→ **DESCRIPTION OF THE TASK**: All lines from the one containing "unfolding inj_on_Un" through the last line below must be duplicated exactly, with nothing outside that span.

→ **Saved data entries**:
(* Let E be the minimal deviation and e_i = f_{a_i}(x_i) - f*(x_i), so |e_i| = E. By the Haar
   property an annihilating functional sum_i c_i f(x_i) on H with some c_i nonzero needs more than n
   nodes, so k = n + 1 and x_1, ..., x_n are interpolation nodes; through the Lagrange basis the values
   of g in H at these nodes control ||g||. For g = f* - h put t_i = sgn(e_i) g(x_i). Condition (i')
   says sum_i lam_i t_i = 0, which forces |t_i| <= (max t) / lam_i, hence gamma ||g|| <= max t for a
   gamma depending only on H, the nodes and the weights. At the index i of the maximum,
   ||f_{a_i} - h|| >= |e_i + g(x_i)| >= E + t_i. *)

lemma apply_bcontfun_sum:
  "apply_bcontfun (sum f A) x = (\<Sum>i\<in>A. apply_bcontfun (f i) x)"
  by (induction A rule: infinite_finite_induct) auto

lemma inj_on_lessThan_extend:
  fixes xs :: "nat \<Rightarrow> 'a" and S :: "'a set"
  assumes inj: "inj_on xs {..<k}" and "k \<le> n" "finite S" "n \<le> card S"
  obtains ys where "inj_on ys {..<n}" "\<forall>i<k. ys i = xs i"
proof -
  have "card S - card (xs ` {..<k}) \<le> card (S - xs ` {..<k})"
    by (rule diff_card_le_card_Diff) simp
  then have "n - k \<le> card (S - xs ` {..<k})"
    using assms card_image[OF inj] by simp
  then obtain T where T: "T \<subseteq> S - xs ` {..<k}" "card T = n - k" "finite T"
    by (rule obtain_subset_with_card_n)
  then obtain e where e: "bij_betw e {k..<n} T"
    using finite_same_card_bij[of "{k..<n}" T] by auto
  define ys where "ys i = (if i < k then xs i else e i)" for i
  have "inj_on ys ({..<k} \<union> {k..<n})"
    unfolding inj_on_Un
  proof (intro conjI)
    show "inj_on ys {..<k}" using inj by (simp add: ys_def inj_on_def)
    show "inj_on ys {k..<n}" using e by (auto simp: ys_def inj_on_def bij_betw_def)
    show "ys ` ({..<k} - {k..<n}) \<inter> ys ` ({k..<n} - {..<k}) = {}"
      using e T(1) by (auto simp: ys_def bij_betw_def)
  qed
  moreover have "{..<k} \<union> {k..<n} = {..<n}" using \<open>k \<le> n\<close> by auto
  ultimately show thesis by (intro that[of ys]) (auto simp: ys_def)
qed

→ **ANSWER TO THE PROBLEM**:
    unfolding inj_on_Un
  proof (intro conjI)
    show "inj_on ys {..<k}" using inj by (simp add: ys_def inj_on_def)
    show "inj_on ys {k..<n}" using e by (auto simp: ys_def inj_on_def bij_betw_def)
    show "ys ` ({..<k} - {k..<n}) \<inter> ys ` ({k..<n} - {..<k}) = {}"
      using e T(1) by (auto simp: ys_def bij_betw_def)
  qed
  moreover have "{..<k} \<union> {k..<n} = {..<n}" using \<open>k \<le> n\<close> by auto
  ultimately show thesis by (intro that[of ys]) (auto simp: ys_def)
qed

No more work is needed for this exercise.